Tamparan Balik

Sungguh, aku sama sekali tak pernah berniat menjadi seorang aktor! Bodohnya orang tua yang selalu tertipu. 2821kata 2026-03-04 22:59:41

Baru saja Zhao Harim tiba di hotel, ia menyadari bahwa ruang pribadi hari ini rupanya adalah tempat yang sama dengan perjamuan kemarin. Begitu masuk, tanpa diduga ia melihat Fan Chen di sana! Seketika, firasat buruk menghinggapinya...

Setelah masuk, ia melihat Fan Chen dan Heng Luo saling berbisik, lalu Heng Luo menatapnya dengan senyum setengah mengejek. Ketika Heng Luo selesai memperkenalkan diri, seolah ada ledakan di benaknya, merasa langit akan runtuh! Ia tidak takut pada Heng Luo, yang ia takutkan adalah Xiong Ye!

Satu kalimat dari Tuan Ye benar-benar bisa membuat hidupnya hancur! Memikirkan hal itu, tubuhnya bergetar tanpa sadar, dan ia terus dalam keadaan linglung sampai kakak iparnya memanggil keluar dari kamar.

Setelah Zhao Harim menceritakan dengan jujur masalahnya dengan perusahaan Fan Chen, Long Zhang merasa darahnya mendidih, tak tahan, ia menendang keras paha Zhao Harim sambil melontarkan makian.
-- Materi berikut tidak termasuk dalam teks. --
(* Let $p$ be a prime, let $\alpha\in\mathbb{N}$, $m,n\in\mathbb{Z}^+$ and $r\in\mathbb{Z}$. Then $$\operatorname{ord}_p\Bigg(\frac{p^{m-1}}m\sum_{k=0}^n\binom nk(-1)^kB_m\Big(\Big\lfloor\frac{k-r}{p^{\alpha}}\Big\rfloor\Big)\Bigg)\geqslant\sum_{i=\alpha}^{\infty}\Big\lfloor\frac{n-1}{p^i}\Big\rfloor+\tau_p\big(\{r-1\}_{p^{\alpha-1}},\{n-r\}_{p^{\alpha-1}}\big),$$ where $B_m(x)$ is the $m$-th Bernoulli polynomial.
   Context: $\operatorname{ord}_p$ is the $p$-adic order ($\operatorname{ord}_p(0)=+\infty$). For an integer $a$ and positive real $m'$, $\{a\}_{m'}$ is the unique number in $[0,m')$ with $a-\{a\}_{m'}\in m'\mathbb{Z}$. $\tau_p(a,b)$ is the number of carries when adding $a,b\in\mathbb{N}$ in base $p$. *)

theory Defs
  imports Complex_Main "HOL-Computational_Algebra.Computational_Algebra" "HOL-Library.Extended_Real"
begin

text \<open>Bernoulli numbers (convention B_1 = -1/2):
  B_0 = 1 and sum_{k=0}^{n} C(n+1,k) B_k = 0 for n >= 1.\<close>
fun bernoulli :: "nat \<Rightarrow> rat" where
  "bernoulli n = (if n = 0 then 1
     else - (\<Sum>k<n. of_nat ((n + 1) choose k) * bernoulli k) / of_nat (n + 1))"

declare bernoulli.simps [simp del]

definition bernpoly :: "nat \<Rightarrow> rat \<Rightarrow> rat" where
  "bernpoly m x = (\<Sum>k\<le>m. of_nat (m choose k) * bernoulli k * x ^ (m - k))"

definition padic_ord :: "nat \<Rightarrow> rat \<Rightarrow> ereal" where
  "padic_ord p q = (if q = 0 then \<infinity>
     else ereal (real (multiplicity (int p) (fst (quotient_of q)))
                 - real (multiplicity (int p) (snd (quotient_of q)))))"

text \<open>{a}_{m'}: the unique number in [0,m') with a - {a}_{m'} in m' Z.\<close>
definition lres :: "int \<Rightarrow> real \<Rightarrow> real" where
  "lres a m' = of_int a - m' * of_int \<lfloor>of_int a / m'\<rfloor>"

text \<open>Number of carries when adding a and b in base p: a carry out of digit
  position i occurs iff (a mod p^(i+1)) + (b mod p^(i+1)) >= p^(i+1).\<close>
definition carries :: "nat \<Rightarrow> nat \<Rightarrow> nat \<Rightarrow> nat" where
  "carries p a b = card {i. a mod p ^ (i + 1) + b mod p ^ (i + 1) \<ge> p ^ (i + 1)}"

end

theory Submission
  imports Defs
begin

text \<open>Summation by parts together with \<open>B_m(x + 1) - B_m(x) = m x^(m-1)\<close> turns \<open>p^(m-1)/m\<close>
  times the sum into an integer combination of the moments
  \<open>\<Sum>\<^sub>j (-1)^j C(n-1, j) ((j - r + 1)/p^(\<alpha>-1))^e\<close>, taken over \<open>j \<equiv> r - 1 (mod p^\<alpha>)\<close>,
  so it suffices to bound the \<open>p\<close>-adic orders of these moments. For \<open>\<alpha> \<le> 1\<close> a recursion in \<open>e\<close>
  reduces this to \<open>e = 0\<close>, where the vanishing of finite differences (\<open>\<alpha> = 0\<close>) or Fleck's
  congruence (\<open>\<alpha> = 1\<close>) applies. For the step from \<open>\<alpha>\<close> to \<open>\<alpha> + 1\<close> write \<open>n - 1 = N\<^sub>0 + p^\<alpha> N'\<close>
  with \<open>N\<^sub>0 < p^\<alpha>\<close> and expand
  \<open>(1 - x)^(n-1) = (1 - x)^N\<^sub>0 ((1 - x^p)^(p^(\<alpha>-1)) + p^\<alpha> G)^N'\<close>. The term free of \<open>G\<close> reduces
  to moments modulo \<open>p^\<alpha>\<close>, and Kummer's bound for \<open>C(N\<^sub>0, d)\<close> supplies the missing carry;
  in the terms with \<open>G^i\<close>, \<open>i \<ge> 1\<close>, the factor \<open>p^(\<alpha> i) C(N', i)\<close> makes up for the
  decrease of \<open>ord\<^sub>p N'!\<close>.\<close>

section \<open>Moments over residue classes\<close>

text \<open>\<open>class_moment p a A c e\<close> is the sum of \<open>[x^j] A \<cdot> ((j - c)/p^(a-1))^e\<close> over
  \<open>j \<equiv> c (mod p^a)\<close>; writing the weight as \<open>p (j - c)/p^a\<close> makes \<open>a = 0\<close> meaningful.\<close>

definition class_weight :: "nat \<Rightarrow> nat \<Rightarrow> int \<Rightarrow> nat \<Rightarrow> nat \<Rightarrow> int" where
  "class_weight p a c e j =
     (if int p ^ a dvd int j - c then (int p * ((int j - c) div int p ^ a)) ^ e else 0)"

definition class_moment :: "nat \<Rightarrow> nat \<Rightarrow> int poly \<Rightarrow> int \<Rightarrow> nat \<Rightarrow> int" where
  "class_moment p a A c e = (\<Sum>j\<le>degree A. coeff A j * class_weight p a c e j)"

lemma class_moment_eq_sum:
  "degree A \<le> D \<Longrightarrow> class_moment p a A c e = (\<Sum>j\<le>D. coeff A j * class_weight p a c e j)"
  unfolding class_moment_def by (rule sum.mono_neutral_left) (auto simp: coeff_eq_0)

lemma class_moment_0: "class_moment p a 0 c e = 0"
  by (simp add: class_moment_def)

lemma class_moment_add:
  "class_moment p a (A + B) c e = class_moment p a A c e + class_moment p a B c e"
proof -
  let ?D = "max (degree A) (degree B)"
  have "degree (A + B) \<le> ?D" by (rule degree_add_le) auto
  then show ?thesis
    by (simp add: class_moment_eq_sum[of _ ?D] sum.distrib algebra_simps)
qed

lemma class_moment_smult: "class_moment p a (smult b A) c e = b * class_moment p a A c e"
  using degree_smult_le[of b A]
  by (simp add: class_moment_eq_sum[of _ "degree A"] class_moment_def sum_distrib_left algebra_simps)

lemma class_moment_sum:
  "finite I \<Longrightarrow> class_moment p a (\<Sum>i\<in>I. f i) c e = (\<Sum>i\<in>I. class_moment p a (f i) c e)"
  by (induction I rule: finite_induct) (simp_all add: class_moment_0 class_moment_add)

lemma class_moment_monom_mult:
  "class_moment p a (monom 1 d * A) c e = class_moment p a A (c - int d) e"
proof -
  let ?D = "degree A"
  have "degree (monom 1 d * A) \<le> ?D + d"
    using degree_mult_le[of "monom 1 d" A] degree_monom_le[of "1::int" d] by linarith
  then have "class_moment p a (monom 1 d * A) c e
      = (\<Sum>j\<le>?D + d. coeff (monom 1 d * A) j * class_weight p a c e j)"
    by (rule class_moment_eq_sum)
  also have "\<dots> = (\<Sum>j\<in>{0 + d..?D + d}. coeff A (j - d) * class_weight p a c e j)"
    by (rule sum.mono_neutral_cong_right) (auto simp: coeff_monom_mult)
  also have "\<dots> = (\<Sum>i\<le>?D. coeff A i * class_weight p a c e (i + d))"
    by (simp only: sum.shift_bounds_cl_nat_ivl atLeast0AtMost) simp
  also have "\<dots> = class_moment p a A (c - int d) e"
    unfolding class_moment_def by (rule sum.cong) (auto simp: class_weight_def algebra_simps)
  finally show ?thesis .
qed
Kini ia paham, ternyata hari ini sangat mungkin adalah perjamuan jebakan!

Tendangan itu membuat Zhao Harim berpikir lebih jernih, ia memeluk paha Long Zhang sambil menangis, "Kakak ipar, tolonglah aku!"

"Semua perbuatanmu yang kacau itu, bagaimana aku bisa menolongmu?!" Long Zhang membentak marah.
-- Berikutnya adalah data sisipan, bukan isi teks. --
(* For every planar tree $t$, $\mathrm{GD}(t)=\mathrm{GD}(\iota(t))$.
   Context: A planar tree has linearly ordered children at each node, each node being a leaf or having $\ge2$ children (internal node); $\deg t$ = number of leaves minus one. For planar trees $s,r$, $s/r$ is the tree obtained by identifying the root of $s$ with the leftmost leaf of $r$. For $t$ of degree $n$, $\mathrm{GD}(t)=\{i\in\{1,\dots,n-1\}: t=s/r\text{ for some planar trees } s,r \text{ with }\deg s=i\}$. A generalized Stirling permutation (GSP) is a planar tree with a bijection $\kappa$ from its internal nodes to $\{1,\dots,N\}$ increasing from each internal node to its internal children. Its word $\mathbf w(u)=u_1\cdots u_n$: a leaf has empty word; a node $x$ with children $c_1,\dots,c_k$ has word $\mathbf w(c_1)\kappa(x)\mathbf w(c_2)\cdots\kappa(x)\mathbf w(c_k)$. $\mathrm{GD}(u)=\{i\in\{1,\dots,n-1\}: u_a>u_b \text{ for all } a\le i<b\}$. For each planar tree $t$ there is exactly one GSP with underlying tree $t$ whose word is $213$-avoiding (no $i<j<k$ with $w_k>w_i>w_j$); it is denoted $\iota(t)$. *)

theory Defs
  imports Main
begin

datatype ptree = Leaf | Node "ptree list"

fun wf_ptree :: "ptree \<Rightarrow> bool" where
  "wf_ptree Leaf = True"
| "wf_ptree (Node cs) = (2 \<le> length cs \<and> (\<forall>c\<in>set cs. wf_ptree c))"

fun leaves :: "ptree \<Rightarrow> nat" where
  "leaves Leaf = 1"
| "leaves (Node cs) = sum_list (map leaves cs)"

definition deg :: "ptree \<Rightarrow> nat" where
  "deg t = leaves t - 1"

text \<open>Grafting: s / r identifies the root of s with the leftmost leaf of r.\<close>

fun graft :: "ptree \<Rightarrow> ptree \<Rightarrow> ptree" where
  "graft s Leaf = s"
| "graft s (Node []) = Node []"
| "graft s (Node (c # cs)) = Node (graft s c # cs)"

definition GD_tree :: "ptree \<Rightarrow> nat set" where
  "GD_tree t = {i \<in> {1..deg t - 1}. \<exists>s r. wf_ptree s \<and> wf_ptree r \<and> t = graft s r \<and> deg s = i}"

datatype ltree = LLeaf | LNode nat "ltree list"

fun erase :: "ltree \<Rightarrow> ptree" where
  "erase LLeaf = Leaf"
| "erase (LNode k cs) = Node (map erase cs)"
Orang biasa mungkin masih bisa ditekan, tapi jika Tuan Ye bicara, besok lembaga hukum bisa langsung membawa Zhao Harim masuk, sepuluh tahun pun belum tentu keluar!
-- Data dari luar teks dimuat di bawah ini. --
lemma (in mv) J_uE:
  assumes "x \<in> J_u opl ng H P" and "ng z \<in> P"
  obtains h where "h \<in> H" and "(h \<rightarrow> x) \<in> P"
proof -
  obtain h where h: "h \<in> H" "eta opl ng P x = eta opl ng P h"
    using assms(1) unfolding J_u_def by auto
  have "x \<in> eta opl ng P x"
    using assms(2) neg_oplus_self[of x] unfolding eta_def imp_equiv_def mv_imp_def by simp
  then have "(h \<rightarrow> x) \<in> P"
    using h(2) unfolding eta_def imp_equiv_def by auto
  with h(1) show thesis ..
qed

text \<open>1 \<rightarrow> a = a, so 1 lies in every kernel; this makes J_uE applicable to P = K(H).\<close>
lemma (in mv) one_in_kernel: "ng z \<in> kernel opl ng H"
  unfolding kernel_def by simp

lemma (in mv) J_d_iff:
  "x \<in> J_d opl ng z G P \<longleftrightarrow> ng x \<notin> J_u opl ng {w. ng w \<notin> G} P"
  unfolding J_d_def Fplus_def Fsub_def mv_imp_def by simp

text \<open>Since {w. \<not>w \<notin> G} \<subseteq> J_u({w. \<not>w \<notin> G}, P), every element of J_d(G, P) is in G.\<close>
lemma (in mv) J_d_subset: "J_d opl ng z G P \<subseteq> G"
  using H_subset_J_u[of "{w. ng w \<notin> G}" "(\<oplus>)" ng P] unfolding subset_iff J_d_iff by force

lemma (in mv) not_in_J_dE:
  assumes "a \<notin> J_d opl ng z G (kernel opl ng F)"
  obtains g where "ng g \<notin> G" and "(g \<rightarrow> ng a) \<in> kernel opl ng F"
  using assms one_in_kernel unfolding J_d_iff by (auto elim: J_uE)

text \<open>An upward closed F inside G lies in J_d(G, K(F)): a witness g for w \<notin> J_d would
  give w \<rightarrow> ((g \<rightarrow> \<not>w) \<rightarrow> \<not>g) \<notin> F, but this element is 1.\<close>
lemma (in mv) subset_J_d:
  assumes up: "up_closed opl ng z F" and "F \<subseteq> G"
  shows "F \<subseteq> J_d opl ng z G (kernel opl ng F)"
proof
  fix w assume w: "w \<in> F"
  show "w \<in> J_d opl ng z G (kernel opl ng F)"
  proof (rule ccontr)
    assume "w \<notin> J_d opl ng z G (kernel opl ng F)"
    then obtain g where g: "ng g \<notin> G" "(g \<rightarrow> ng w) \<in> kernel opl ng F"
      by (rule not_in_J_dE)
    have "ng g \<notin> F"
      using g(1) \<open>F \<subseteq> G\<close> by blast
    then have out: "((g \<rightarrow> ng w) \<rightarrow> ng g) \<notin> F"
      using g(2) by (rule kernelD[rotated])
    have "(w \<rightarrow> ((g \<rightarrow> ng w) \<rightarrow> ng g)) = ng z"
      using oplus_neg_self[of "ng g \<oplus> ng w"] by (simp add: mv_imp_def AC)
    then show False
      using up_closedD[OF up w] out by blast
  qed
qed

lemma (in mv) sqimp_subset_sqimp_J:
  assumes up: "up_closed opl ng z F" and "F \<subseteq> G"
  shows "sqimp opl ng F G \<subseteq>
         sqimp opl ng (J_u opl ng F (kernel opl ng G)) (J_d opl ng z G (kernel opl ng F))"
proof
  fix w assume w: "w \<in> sqimp opl ng F G"
  have w_out: "(w \<rightarrow> b) \<notin> F" if "b \<notin> G" for b
    using w that \<open>F \<subseteq> G\<close> unfolding sqimp_iff by blast
  show "w \<in> sqimp opl ng (J_u opl ng F (kernel opl ng G)) (J_d opl ng z G (kernel opl ng F))"
    unfolding sqimp_iff
  proof (intro allI impI notI)
    fix a assume a: "a \<notin> J_d opl ng z G (kernel opl ng F)"
      and "(w \<rightarrow> a) \<in> J_u opl ng F (kernel opl ng G) \<inter> J_d opl ng z G (kernel opl ng F)"
    then have "(w \<rightarrow> a) \<in> J_u opl ng F (kernel opl ng G)" by blast
    then obtain f where f: "f \<in> F" and p: "(f \<rightarrow> w \<rightarrow> a) \<in> kernel opl ng G"
      using one_in_kernel by (auto elim: J_uE)
    obtain g where g: "ng g \<notin> G" and q: "(g \<rightarrow> ng a) \<in> kernel opl ng F"
      using a by (rule not_in_J_dE)
    have "((f \<rightarrow> w \<rightarrow> a) \<rightarrow> ng g) \<notin> G"
      using kernelD[OF p g] .
    then have "(w \<rightarrow> (f \<rightarrow> w \<rightarrow> a) \<rightarrow> ng g) \<notin> F"
      by (rule w_out)
    then have out: "((g \<rightarrow> ng a) \<rightarrow> w \<rightarrow> (f \<rightarrow> w \<rightarrow> a) \<rightarrow> ng g) \<notin> F"
      by (rule kernelD[OF q])
    have "(f \<rightarrow> (g \<rightarrow> ng a) \<rightarrow> w \<rightarrow> (f \<rightarrow> w \<rightarrow> a) \<rightarrow> ng g) = ng z"
      using resolution[of "ng f \<oplus> ng w" a "ng g"] unfolding mv_imp_def by (simp only: AC)
    then have "((g \<rightarrow> ng a) \<rightarrow> w \<rightarrow> (f \<rightarrow> w \<rightarrow> a) \<rightarrow> ng g) \<in> F"
      by (rule up_closedD[OF up f])
    with out show False ..
  qed
qed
Zhao Harim merasa dirinya sangat tidak adil, kenapa tidak bilang dari awal punya koneksi sehebat itu, kenapa harus mempersulitku?!

Melihat adik iparnya menangis dan memeluknya, Long Zhang sebenarnya enggan membantu. Tapi teringat istrinya yang setia puluhan tahun, pengorbanannya, dan mertua yang memperlakukannya seperti anak sendiri sejak miskin, ia pun tidak tega.

"Sudahlah, lihat dirimu yang tidak berdaya! Bangun, pergi ke toilet cuci muka!" Long Zhang menatapnya dengan jijik.

Ia tahu hari ini kuncinya ada pada Tuan Luo. Perbuatan Zhao Harim memang tidak benar, mereka datang menuntut, hari ini harus menyerahkan segalanya.

Setelah beberapa saat, Long Zhang membawa Zhao Harim kembali ke ruang pribadi. Ia mengambil dua botol arak Wuliangye, membawa Zhao Harim ke depan Heng Luo, lalu menuangkan penuh ke gelas kaca besar di tangan Zhao Harim.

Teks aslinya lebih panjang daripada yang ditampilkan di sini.